This notebook includes the following commands to help you create your data set:

1. Create the required folders for organizing your training data
1. Extract frames from a video file using FFMPEG
1. Create Canny edge versions of your images for your input (train_A) images

### **Notes on preparing your dataset**

1. **Identical image quantities:** The number of input images (train_A) should be identical to the number of output images (train_B). Otherwise, your training data will be mismatched, and won't train well.
1. **Same order:** The images in your train_A folder should be in the same order as the images in your train_B folder. They are fed into pix2pixHD in alphatbetical/numerical order. Your images should automatically be in the same order, but keep this in mind just in case you notice mismatches in your results.
1. **Consistent image dimensions** of all your input images should have the same dimensions, and all your output images should have the same dimensions.
1. **Consistent input/output dimensions:** Technically, pix2pixHD can train datasets where the input dimensions are different from the output (like if you were training an image upscaler), but for most situations, your input and output dimensions should match.
1. **Dataset size:** Depending on your goals, and the type of data you're working with, the amount of images you need for a "successful" model will vary. Some general tips: I would aim for **_500 image pairs minimum, but more is better. Shoot for the 2,000-5,000 image pair range)._** For example, if your dataset has 1,000 images, that means it has 2x 1,000 images -- 1,000 input images (train_A), and 1,000 output images (train_B).
1. **Efficient dataset management:** Uploading and downloading thousands of images using Google Drive can be painfully slow. I recommend downloading and installing [Google Backup and Sync](https://www.google.com/drive/download/) (Google Drive's desktop application for automatic file syncing). If you set it up, I recommend only syncing the specific dataset folders in your Google Drive that you want to work with, otherwise you might end up downloading too much to your computer. Also, during the first step of the setup process, make sure to click 'Sign in with your browser.'

### 4a. Create necessary dataset folders

#### **Set your Dataset Name**

The dataset_name variable you set here will be used throughout the rest of the notebook. Any time you work with a new dataset, change the name here. **_Any instance of $dataset_name you encounter will refer to whatever you set in this code cell._**

In [4]:
dataset_name = 'my_dataset' # change 'dataset_name' to whatever you want to call your dataset

#### **Create your dataset folders**
Inside your datasets folder, you'll need a folder for each dataset you work with. The following command creates these folders:
  1. **_train_A_**, for your input images. Place your input images inside that folder.
  2. **_train_B_**, for your output images. Place your output images inside that folder.
  3. **_test_A_**, for you test input images. We won't use this folder until we get the generate steps after training.


In [None]:
# Run this cell after setting your dataset_name above

!mkdir ./datasets/$dataset_name
!mkdir ./datasets/$dataset_name/train_A
!mkdir ./datasets/$dataset_name/train_B
!mkdir ./datasets/$dataset_name/test_A

### 4b. Upload your images

If you prepared your dataset images outside this notebook, upload them to the correct folders. Otherwise, skip this step.

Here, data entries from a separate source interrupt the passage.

(* Let $A$ and $G$ be selfadjoint operators in $\mathcal H$ with $\rho(AG)\neq\emptyset$ and $\rho(GA)\neq\emptyset$. Then the following are equivalent: (a) $AG$ is boundedly invertible; (b) $\operatorname{ran}(AG)=\mathcal H$; (c) $GA$ is boundedly invertible; (d) $\operatorname{ran}(GA)=\mathcal H$; (e) $A$ and $G$ are boundedly invertible. In particular, $\sigma(AG)=\sigma(GA)$.
   Context: $(\mathcal H,(\cdot,\cdot))$ is a complex Hilbert space; $A,G$ are possibly unbounded selfadjoint operators; $AG$, $GA$ are the operator products with natural domains. For a linear operator $S$, $\rho(S)$ is the set of $\lambda\in\mathbb C$ with $S-\lambda$ injective, surjective and with bounded everywhere defined inverse; $\sigma(S)=\mathbb C\setminus\rho(S)$; $S$ is boundedly invertible if $0\in\rho(S)$. *)

theory Defs
  imports Complex_Main
begin

text \<open>A complex Hilbert space is modelled as a type 'a carrying an additive group
structure, a complex scalar multiplication sc and an inner product ip (linear in the
first argument, conjugate linear in the second), complete w.r.t. the induced norm.
Linear operators (possibly unbounded) are represented by their graphs.\<close>

definition hnorm :: "('a \<Rightarrow> 'a \<Rightarrow> complex) \<Rightarrow> 'a \<Rightarrow> real" where
  "hnorm ip x = sqrt (Re (ip x x))"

Upload your input images (if you have them) to the train_A folder (e.g., your canny edges), and your output images to the train_B folder (e.g., the real images).

I recommend doing this in a separate tab that is opened to your Google Drive folder. Uploading large amounts of files inside Colab doesn't work very well. Or, use Backup and Sync (details above in the 'Notes on preparing your dataset' section)

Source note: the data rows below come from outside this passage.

lemma lor_inner_scaleR [simp]:
  "lor_inner (r *\<^sub>R x) y = r * lor_inner x y"
  "lor_inner x (r *\<^sub>R y) = r * lor_inner x y"
  by (simp_all add: lor_inner_def algebra_simps)

lemma lcross_scaleR [simp]:
  "lcross (r *\<^sub>R x) y = r *\<^sub>R lcross x y"
  "lcross x (r *\<^sub>R y) = r *\<^sub>R lcross x y"
  by (simp_all add: vec3_eq_iff lcross_nth algebra_simps)

lemma lor_inner_add [simp]:
  "lor_inner (x + y) z = lor_inner x z + lor_inner y z"
  "lor_inner x (y + z) = lor_inner x y + lor_inner x z"
  by (simp_all add: lor_inner_def algebra_simps)

lemma lcross_add [simp]:
  "lcross (x + y) z = lcross x z + lcross y z"
  "lcross x (y + z) = lcross x y + lcross x z"
  by (simp_all add: vec3_eq_iff lcross_nth algebra_simps)

lemma lcross_self [simp]: "lcross x x = 0"
  by (simp add: vec3_eq_iff lcross_nth)

lemma lnorm_scaleR: "lnorm (r *\<^sub>R x) = \<bar>r\<bar> * lnorm x"
  by (simp add: lnorm_def abs_mult real_sqrt_mult power2_eq_square[symmetric])

lemma det3_scaleR_right: "det3 x y (r *\<^sub>R z) = r * det3 x y z"
  by (simp add: det3_expand algebra_simps)

lemma det3_swap23: "det3 x y z = - det3 x z y"
  by (simp add: det3_expand)

lemma lor_inner_lcross_self:
  "lor_inner (lcross x y) (lcross x y) = (lor_inner x y)\<^sup>2 - lor_inner x x * lor_inner y y"
  by (simp add: lcross_nth lor_inner_def power2_eq_square algebra_simps)

lemma lcross_lcross: "lcross (lcross u v) w = lor_inner v w *\<^sub>R u - lor_inner u w *\<^sub>R v"
  by (simp add: vec3_eq_iff lcross_nth lor_inner_def algebra_simps)

lemma bounded_bilinear_lor_inner: "bounded_bilinear lor_inner"
  unfolding bilinear_conv_bounded_bilinear[symmetric] bilinear_def
  by (auto intro!: linearI simp: lor_inner_def algebra_simps)

lemma bounded_bilinear_lcross: "bounded_bilinear lcross"
  unfolding bilinear_conv_bounded_bilinear[symmetric] bilinear_def
  by (auto intro!: linearI simp: vec3_eq_iff lcross_nth algebra_simps)

lemmas has_vector_derivative_lor_inner =
  bounded_bilinear.has_vector_derivative[OF bounded_bilinear_lor_inner]

lemmas has_vector_derivative_lcross =
  bounded_bilinear.has_vector_derivative[OF bounded_bilinear_lcross]

lemma lor_inner_derivative_eq_0_if_constant:
  assumes "open I" "s \<in> I" "\<forall>t\<in>I. lor_inner (f t) (f t) = r"
    and "(f has_vector_derivative f') (at s)"
  shows "lor_inner (f s) f' = 0"
proof -
  have "((\<lambda>t. lor_inner (f t) (f t)) has_vector_derivative
          lor_inner (f s) f' + lor_inner f' (f s)) (at s)"
    using has_vector_derivative_lor_inner[OF assms(4) assms(4)] .
  moreover have "((\<lambda>t. lor_inner (f t) (f t)) has_vector_derivative 0) (at s)"
    by (rule has_vector_derivative_transform_within_open[OF has_vector_derivative_const assms(1,2)])
      (use assms(3) in simp)
  ultimately have "lor_inner (f s) f' + lor_inner f' (f s) = 0"
    by (rule vector_derivative_unique_at)
  then show ?thesis by (simp add: lor_inner_commute[of f'])
qed

lemma lor_inner_frame_timelike:
  assumes "lor_inner q q = 1" "lor_inner h h = 1" "lor_inner q h = 0"
  shows "lor_inner (lcross h q) (lcross h q) = -1"
  using assms lor_inner_commute[of h q] by (simp add: lor_inner_lcross_self)

lemma det3_frame:
  assumes "lor_inner q q = 1" "lor_inner h h = 1" "lor_inner q h = 0"
  shows "det3 (x *\<^sub>R q + y *\<^sub>R h) (u *\<^sub>R q + v *\<^sub>R h) (lcross h q) = y * u - x * v"
  using assms by (simp add: det3_expand lor_inner_def lcross_nth) algebra

lemma frame_coplanar_orthogonal_imp_multiple:
  assumes "lor_inner q q = 1" "lor_inner h h = 1" "lor_inner q h = 0"
    and "det3 x q h = 0" "lor_inner h x = 0"
  shows "x = lor_inner x q *\<^sub>R q"
  using assms unfolding vec3_eq_iff det3_expand lor_inner_def by simp algebra

lemma spacelike_normalized:
  assumes "spacelike ((1 / lnorm v) *\<^sub>R v)"
  shows "lnorm v \<noteq> 0" and "lor_inner ((1 / lnorm v) *\<^sub>R v) ((1 / lnorm v) *\<^sub>R v) = 1"
proof -
  show nz: "lnorm v \<noteq> 0"
    using assms by (auto simp: spacelike_def lor_inner_def)
  have "(lnorm v)\<^sup>2 = \<bar>lor_inner v v\<bar>"
    by (simp add: lnorm_def)
  moreover have "lor_inner v v > 0"
    using assms nz by (simp add: spacelike_def zero_less_divide_iff)
  ultimately show "lor_inner ((1 / lnorm v) *\<^sub>R v) ((1 / lnorm v) *\<^sub>R v) = 1"
    by (simp add: power2_eq_square)
qed

lemma vector_derivative_eq_central_normal:
  assumes "lnorm (vector_derivative q (at s)) \<noteq> 0"
  shows "vector_derivative q (at s) = lnorm (vector_derivative q (at s)) *\<^sub>R central_normal q s"
  using assms by (simp add: central_normal_def)

lemma asymptotic_normal_eq_lcross: "asymptotic_normal q s = lcross (central_normal q s) (q s)"
  by (simp add: asymptotic_normal_def central_normal_def)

### 4c. Extract frames from video – create train_B (output) images
If you plan to create a dataset by extracting images from a video file, follow these steps.
First, upload the video file to the **dataset folder** that contains your train_A, train_B and test_A folders.

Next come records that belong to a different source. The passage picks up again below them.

lemma continuous_map_Dpow_update:
  assumes "i \<in> \<zeta>"
  shows "continuous_map (Dpow \<zeta>) (Dpow \<zeta>) (\<lambda>x. x(i := y))"
  unfolding Dpow_def continuous_map_componentwise
proof (intro conjI ballI)
  show "(\<lambda>x. x(i := y)) ` topspace (product_topology (\<lambda>_. cantor_top) \<zeta>) \<subseteq> extensional \<zeta>"
    using assms by (auto simp: PiE_iff extensional_def)
next
  fix k assume "k \<in> \<zeta>"
  then show "continuous_map (product_topology (\<lambda>_. cantor_top) \<zeta>) cantor_top (\<lambda>x. (x(i := y)) k)"
    using continuous_map_product_projection[of k \<zeta> "\<lambda>_. cantor_top"] by (cases "k = i") simp_all
qed

lemma cantor_neighbourhood:
  assumes "openin cantor_top W" "y \<in> W"
  obtains I where "finite I" "\<And>y'. \<forall>n\<in>I. y' n = y n \<Longrightarrow> y' \<in> W"
proof -
  obtain U where U: "finite {n. U n \<noteq> UNIV}" "y \<in> (\<Pi>\<^sub>E n\<in>UNIV. U n)" "(\<Pi>\<^sub>E n\<in>UNIV. U n) \<subseteq> W"
    using assms unfolding cantor_top_def openin_product_topology_alt by auto
  show ?thesis
  proof (rule that[OF U(1)])
    fix y' assume y': "\<forall>n\<in>{n. U n \<noteq> UNIV}. y' n = y n"
    have "y' n \<in> U n" for n
      using y' U(2) by (cases "U n = UNIV") auto
    then show "y' \<in> W" using U(3) by auto
  qed
qed

lemma Dpow_neighbourhood:
  assumes "openin (Dpow \<zeta>) S" "x \<in> S"
  obtains I where "finite I" "I \<subseteq> \<zeta> \<times> UNIV"
    "\<And>x'. x' \<in> topspace (Dpow \<zeta>) \<Longrightarrow> \<forall>(j, n)\<in>I. x' j n = x j n \<Longrightarrow> x' \<in> S"
proof -
  obtain U where U: "finite {j \<in> \<zeta>. U j \<noteq> UNIV}" "\<And>j. j \<in> \<zeta> \<Longrightarrow> openin cantor_top (U j)"
    "x \<in> (\<Pi>\<^sub>E j\<in>\<zeta>. U j)" "(\<Pi>\<^sub>E j\<in>\<zeta>. U j) \<subseteq> S"
    using assms unfolding Dpow_def openin_product_topology_alt by auto
  define J where "J = {j \<in> \<zeta>. U j \<noteq> UNIV}"
  have "\<forall>j\<in>J. \<exists>I. finite I \<and> (\<forall>y'. (\<forall>n\<in>I. y' n = x j n) \<longrightarrow> y' \<in> U j)"
  proof
    fix j assume "j \<in> J"
    then have "openin cantor_top (U j)" "x j \<in> U j" using U(2,3) by (auto simp: J_def)
    then obtain I where "finite I" "\<And>y'. \<forall>n\<in>I. y' n = x j n \<Longrightarrow> y' \<in> U j"
      using cantor_neighbourhood by blast
    then show "\<exists>I. finite I \<and> (\<forall>y'. (\<forall>n\<in>I. y' n = x j n) \<longrightarrow> y' \<in> U j)" by blast
  qed
  then obtain I where I: "\<And>j. j \<in> J \<Longrightarrow> finite (I j)"
    "\<And>j y'. j \<in> J \<Longrightarrow> \<forall>n\<in>I j. y' n = x j n \<Longrightarrow> y' \<in> U j"
    by metis
  show ?thesis
  proof (rule that[of "Sigma J I"])
    show "finite (Sigma J I)" using U(1) I(1) unfolding J_def by (rule finite_SigmaI)
    show "Sigma J I \<subseteq> \<zeta> \<times> UNIV" by (auto simp: J_def)
    fix x' assume x': "x' \<in> topspace (Dpow \<zeta>)" "\<forall>(j, n)\<in>Sigma J I. x' j n = x j n"
    have "x' j \<in> U j" if "j \<in> \<zeta>" for j
    proof (cases "j \<in> J")
      case True
      then show ?thesis using x'(2) I(2) by auto
    next
      case False
      then show ?thesis using that by (auto simp: J_def)
    qed
    then have "x' \<in> (\<Pi>\<^sub>E j\<in>\<zeta>. U j)"
      using x'(1) by (auto simp: topspace_Dpow PiE_iff)
    then show "x' \<in> S" using U(4) by blast
  qed
qed

lemma openin_Dpow_determined_on:
  assumes "finite I" "I \<subseteq> \<zeta> \<times> UNIV"
  shows "openin (Dpow \<zeta>)
    {x \<in> topspace (Dpow \<zeta>). \<forall>x'\<in>topspace (Dpow \<zeta>). (\<forall>(j, b)\<in>I. x' j b = x j b) \<longrightarrow> P x' = P x}"
    (is "openin _ ?W")
proof (rule openin_finitely_determined[of I _ "\<lambda>k x. x (fst k) (snd k)"])
  fix x x' assume x: "x \<in> ?W" and x': "x' \<in> topspace (Dpow \<zeta>)"
    and agree: "\<forall>k\<in>I. x' (fst k) (snd k) = x (fst k) (snd k)"
  have near_x: "P y = P x" if "y \<in> topspace (Dpow \<zeta>)" "\<forall>(j, b)\<in>I. y j b = x j b" for y
    using x that by blast
  have "P x'' = P x'" if "x'' \<in> topspace (Dpow \<zeta>)" "\<forall>(j, b)\<in>I. x'' j b = x' j b" for x''
    using near_x[OF that(1)] near_x[OF x'] that(2) agree by (simp add: case_prod_beta)
  then show "x' \<in> ?W" using x' by blast
next
  fix k assume "k \<in> I"
  then have "fst k \<in> \<zeta>" using assms(2) by auto
  then show "continuous_map (Dpow \<zeta>) (discrete_topology UNIV) (\<lambda>x. x (fst k) (snd k))"
    by (rule continuous_map_Dpow_bit)
qed (use assms(1) in auto)

lemma Dpow_locally_determined:
  assumes "continuous_map (Dpow \<zeta>) baire_top f" "x \<in> topspace (Dpow \<zeta>)"
  obtains I where "finite I" "I \<subseteq> \<zeta> \<times> UNIV"
    "\<And>x'. x' \<in> topspace (Dpow \<zeta>) \<Longrightarrow> \<forall>(j, b)\<in>I. x' j b = x j b \<Longrightarrow>
       initial_segment L (f x') = initial_segment L (f x)"
proof -
  have "openin (Dpow \<zeta>) {x' \<in> topspace (Dpow \<zeta>). initial_segment L (f x') = initial_segment L (f x)}"
    using assms(1) unfolding continuous_map_baire_iff
    by (intro openin_finitely_determined[of "{..<L}" _ "\<lambda>n x. f x n"]) (auto simp: initial_segment_eq_iff)
  moreover have "x \<in> {x' \<in> topspace (Dpow \<zeta>). initial_segment L (f x') = initial_segment L (f x)}"
    using assms(2) by simp
  ultimately obtain I where "finite I" "I \<subseteq> \<zeta> \<times> UNIV"
    "\<And>x'. x' \<in> topspace (Dpow \<zeta>) \<Longrightarrow> \<forall>(j, b)\<in>I. x' j b = x j b \<Longrightarrow>
       x' \<in> {x' \<in> topspace (Dpow \<zeta>). initial_segment L (f x') = initial_segment L (f x)}"
    by (rule Dpow_neighbourhood) blast
  then show ?thesis using that by blast
qed

lemma Dpow_uniformly_continuous:
  assumes "continuous_map (Dpow \<zeta>) baire_top f"
  obtains B where "\<And>x x'. x \<in> topspace (Dpow \<zeta>) \<Longrightarrow> x' \<in> topspace (Dpow \<zeta>) \<Longrightarrow>
      \<forall>j\<in>\<zeta>. \<forall>b\<le>B. x' j b = x j b \<Longrightarrow> initial_segment L (f x') = initial_segment L (f x)"
proof -
  define W where "W I = {x \<in> topspace (Dpow \<zeta>). \<forall>x'\<in>topspace (Dpow \<zeta>).
      (\<forall>(j, b)\<in>I. x' j b = x j b) \<longrightarrow> initial_segment L (f x') = initial_segment L (f x)}" for I
  define K where "K = {I. finite I \<and> I \<subseteq> \<zeta> \<times> (UNIV :: nat set)}"
  have "\<exists>I\<in>K. topspace (Dpow \<zeta>) \<subseteq> W I"
  proof (rule compact_space_directed_cover[OF compact_space_Dpow])
    show "openin (Dpow \<zeta>) (W I)" if "I \<in> K" for I
      using that unfolding K_def W_def by (intro openin_Dpow_determined_on) auto
  next
    show "topspace (Dpow \<zeta>) \<subseteq> (\<Union>I\<in>K. W I)"
    proof
      fix x assume x: "x \<in> topspace (Dpow \<zeta>)"
      obtain I where I: "finite I" "I \<subseteq> \<zeta> \<times> UNIV"
        "\<And>x'. x' \<in> topspace (Dpow \<zeta>) \<Longrightarrow> \<forall>(j, b)\<in>I. x' j b = x j b \<Longrightarrow>
           initial_segment L (f x') = initial_segment L (f x)"
        using assms x by (rule Dpow_locally_determined) blast
      have "I \<in> K" using I(1,2) by (simp add: K_def)
      moreover have "x \<in> W I" using x I(3) unfolding W_def by blast
      ultimately show "x \<in> (\<Union>I\<in>K. W I)" by blast
    qed
  next
    fix F assume "finite F" "F \<subseteq> K"
    then have "\<Union>F \<in> K" unfolding K_def by auto
    moreover have "W I \<subseteq> W (\<Union>F)" if "I \<in> F" for I
      using that unfolding W_def by blast
    ultimately show "\<exists>I\<in>K. (\<Union>I\<in>F. W I) \<subseteq> W I" by blast
  qed
  then obtain I where I: "finite I" "I \<subseteq> \<zeta> \<times> UNIV" "topspace (Dpow \<zeta>) \<subseteq> W I"
    unfolding K_def by blast
  show ?thesis
  proof (rule that[of "Max (insert 0 (snd ` I))"])
    fix x x' assume x: "x \<in> topspace (Dpow \<zeta>)" and x': "x' \<in> topspace (Dpow \<zeta>)"
      and agree: "\<forall>j\<in>\<zeta>. \<forall>b\<le>Max (insert 0 (snd ` I)). x' j b = x j b"
    have "j \<in> \<zeta> \<and> b \<le> Max (insert 0 (snd ` I))" if "(j, b) \<in> I" for j b
      using that I(1,2) by (auto intro: Max_ge simp: rev_image_eqI)
    then have "\<forall>(j, b)\<in>I. x' j b = x j b" using agree by blast
    then show "initial_segment L (f x') = initial_segment L (f x)"
      using I(3) x x' unfolding W_def by blast
  qed
qed

section \<open>Restriction-preserving embeddings\<close>

lemma below_eq_in_Xi: "i \<in> Tnodes \<Longrightarrow> below_eq i \<in> Xi"
proof -
  have "below_eq i \<subseteq> set (prefixes i)" unfolding below_eq_def by auto
  then have "countable (below_eq i)" by (meson countable_finite finite_set finite_subset)
  then show ?thesis unfolding Xi_def below_eq_def
    by (auto dest: prefix_order.less_imp_le intro: prefix_order.order_trans)
qed

lemma below_in_Xi: "i \<in> Tnodes \<Longrightarrow> below i \<in> Xi"
proof -
  have "below i \<subseteq> set (prefixes i)" unfolding below_def by auto
  then have "countable (below i)" by (meson countable_finite finite_set finite_subset)
  then show ?thesis unfolding Xi_def below_def
    by (auto intro: prefix_order.less_trans)
qed

lemma below_eq_eq_insert_below: "i \<in> Tnodes \<Longrightarrow> below_eq i = insert i (below i)"
  unfolding below_eq_def below_def by (auto simp: strict_prefix_def)

lemma not_in_below [simp]: "i \<notin> below i"
  unfolding below_def by auto

definition restriction_preserving ::
  "'o list set \<Rightarrow> (('o list \<Rightarrow> nat \<Rightarrow> bool) \<Rightarrow> 'o list \<Rightarrow> nat \<Rightarrow> bool) \<Rightarrow> bool" where
  "restriction_preserving \<zeta> H \<longleftrightarrow>
     (\<forall>x0\<in>topspace (Dpow \<zeta>). \<forall>x1\<in>topspace (Dpow \<zeta>). \<forall>\<eta>\<in>Xi. \<eta> \<subseteq> \<zeta> \<longrightarrow>
        (restrict x0 \<eta> = restrict x1 \<eta> \<longleftrightarrow> restrict (H x0) \<eta> = restrict (H x1) \<eta>))"

lemma restriction_preservingD:
  "restriction_preserving \<zeta> H \<Longrightarrow> x0 \<in> topspace (Dpow \<zeta>) \<Longrightarrow> x1 \<in> topspace (Dpow \<zeta>) \<Longrightarrow>
    \<eta> \<in> Xi \<Longrightarrow> \<eta> \<subseteq> \<zeta> \<Longrightarrow> restrict (H x0) \<eta> = restrict (H x1) \<eta> \<longleftrightarrow> restrict x0 \<eta> = restrict x1 \<eta>"
  unfolding restriction_preserving_def by blast

definition IPS_embedding ::
  "'o list set \<Rightarrow> (('o list \<Rightarrow> nat \<Rightarrow> bool) \<Rightarrow> 'o list \<Rightarrow> nat \<Rightarrow> bool) \<Rightarrow> bool" where
  "IPS_embedding \<zeta> H \<longleftrightarrow>
     continuous_map (Dpow \<zeta>) (Dpow \<zeta>) H \<and> inj_on H (topspace (Dpow \<zeta>)) \<and> restriction_preserving \<zeta> H"

lemma IPS_iff_embedding_image: "X \<in> IPS \<zeta> \<longleftrightarrow> (\<exists>H. IPS_embedding \<zeta> H \<and> X = H ` topspace (Dpow \<zeta>))"
proof
  assume "X \<in> IPS \<zeta>"
  then obtain H where H: "homeomorphic_map (Dpow \<zeta>) (subtopology (Dpow \<zeta>) X) H"
    "restriction_preserving \<zeta> H" and X: "X \<subseteq> topspace (Dpow \<zeta>)"
    unfolding IPS_def restriction_preserving_def by blast
  have "continuous_map (Dpow \<zeta>) (Dpow \<zeta>) H"
    using homeomorphic_imp_continuous_map[OF H(1)] by (simp add: continuous_map_in_subtopology)
  moreover have "H ` topspace (Dpow \<zeta>) = X"
    using homeomorphic_imp_surjective_map[OF H(1)] X by (simp add: Int_absorb1)
  ultimately show "\<exists>H. IPS_embedding \<zeta> H \<and> X = H ` topspace (Dpow \<zeta>)"
    using H homeomorphic_imp_injective_map unfolding IPS_embedding_def by blast
next
  assume "\<exists>H. IPS_embedding \<zeta> H \<and> X = H ` topspace (Dpow \<zeta>)"
  then obtain H where H: "continuous_map (Dpow \<zeta>) (Dpow \<zeta>) H" "inj_on H (topspace (Dpow \<zeta>))"
    "restriction_preserving \<zeta> H" and X: "X = H ` topspace (Dpow \<zeta>)"
    unfolding IPS_embedding_def by blast
  have X_sub: "X \<subseteq> topspace (Dpow \<zeta>)"
    using H(1) unfolding X by (rule continuous_map_image_subset_topspace)
  have "homeomorphic_map (Dpow \<zeta>) (subtopology (Dpow \<zeta>) X) H"
  proof (rule continuous_imp_homeomorphic_map)
    show "continuous_map (Dpow \<zeta>) (subtopology (Dpow \<zeta>) X) H"
      using H(1) by (simp add: continuous_map_in_subtopology X)
  qed (use X_sub H(2) X in \<open>auto simp: compact_space_Dpow Hausdorff_space_subtopology Hausdorff_space_Dpow\<close>)
  then show "X \<in> IPS \<zeta>"
    using X_sub H(3) unfolding IPS_def restriction_preserving_def by blast
qed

Make sure the name of your video file is 'input.mp4'

In [None]:
# change scale to your desired resolution to resize your images. (1280:-1 scales
  ## images to 1280 for the width, and the height is scaled to maintain the aspect ratio)
  ## change the width to whatever makes sense for your images (I haven't tested
  ## anything larger than 1280x720, but you may be able to go larger. If you experience
  ## an out of memory error, it might be because your images are too large.)
# change the fps (number of frames per second to extract);
  ## higher fps = more images to extract, 6-12 is a good range. You likely don't need every
  ## single frame from your video to make a good data set.

!ffmpeg \
 -i ./datasets/$dataset_name/input.mp4 \
 -vf scale=1280:-1,fps=8 \
 ./datasets/$dataset_name/train_B/output%5d.png

### 4d. Apply Canny Edge Detection - create train_A (input) images
This step uses [Canny Edge Detection](https://en.wikipedia.org/wiki/Canny_edge_detector) to find edges in your input images. The outlined images are rendered and stored in the train_A folder.

**Whether you uploaded your train_B images, or got your train_B images by extracting them from a video, you should run this step if you're creating canny edge images.**


In [None]:
# change blur amount if there are too many lines in your resulting Canny Edge
# images (odd numbers only; start with 5, then try 3 if 5 doesn't give you enough lines)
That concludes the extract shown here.